INSTRUCTIONS TO FOLLOW: The output should be limited to the line holding "using sums_nonneg_term_le[OF negbin_series_sums[OF" and the lines after it through the end of the entries, each restated exactly.

SOURCE RECORDS:
=== Begin Enclosure ===

lemma negbin_entropy_nonneg:
  assumes a: "a \<ge> 1" and "t \<ge> 0"
  shows "negbin_entropy a t \<ge> 0"
proof -
  define u P where "u = t / (1 + t)" and "P = (1 + t) powr (- a)"
  have "1 + t > 0" using \<open>t \<ge> 0\<close> by simp
  then have u: "0 \<le> u" "\<bar>u\<bar> < 1" "1 - u = 1 / (1 + t)"
    using \<open>t \<ge> 0\<close> by (simp_all add: u_def divide_simps)
  have P: "(1 - u) powr (- a) * P = 1"
    using \<open>1 + t > 0\<close> by (simp add: P_def u(3) powr_divide powr_minus_divide flip: powr_add)
  have nonneg: "0 \<le> negbin_coeff a k * u ^ k" for k
    using negbin_coeff_pos[of a k] a u by simp
  have "negbin_coeff a k * u ^ k * P \<le> (1 - u) powr (- a) * P" for k
    using sums_nonneg_term_le[OF negbin_series_sums[OF u(2)] nonneg]
    by (rule mult_right_mono) (simp add: P_def)
  then have "negbin_coeff a k * u ^ k * P \<le> 1" for k
    by (simp only: P)
  moreover have "0 \<le> negbin_coeff a k * u ^ k * P" for k
    using nonneg by (simp add: P_def)
  ultimately have "- negbin_entropy a t \<le> 0"
    using sums_xlnx_nonpos[OF negbin_entropy_sums[OF assms, folded u_def P_def]] by blast
  then show ?thesis by simp
qed

lemma p_basis_poisson: "\<not> c > 0 \<Longrightarrow> p_basis c n k x = (n * x) ^ k / fact k * exp (- (n * x))"
  by (simp add: p_basis_def)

=== End Enclosure ===

EXERCISE RESULT:
    using sums_nonneg_term_le[OF negbin_series_sums[OF u(2)] nonneg]
    by (rule mult_right_mono) (simp add: P_def)
  then have "negbin_coeff a k * u ^ k * P \<le> 1" for k
    by (simp only: P)
  moreover have "0 \<le> negbin_coeff a k * u ^ k * P" for k
    using nonneg by (simp add: P_def)
  ultimately have "- negbin_entropy a t \<le> 0"
    using sums_xlnx_nonpos[OF negbin_entropy_sums[OF assms, folded u_def P_def]] by blast
  then show ?thesis by simp
qed

lemma p_basis_poisson: "\<not> c > 0 \<Longrightarrow> p_basis c n k x = (n * x) ^ k / fact k * exp (- (n * x))"
  by (simp add: p_basis_def)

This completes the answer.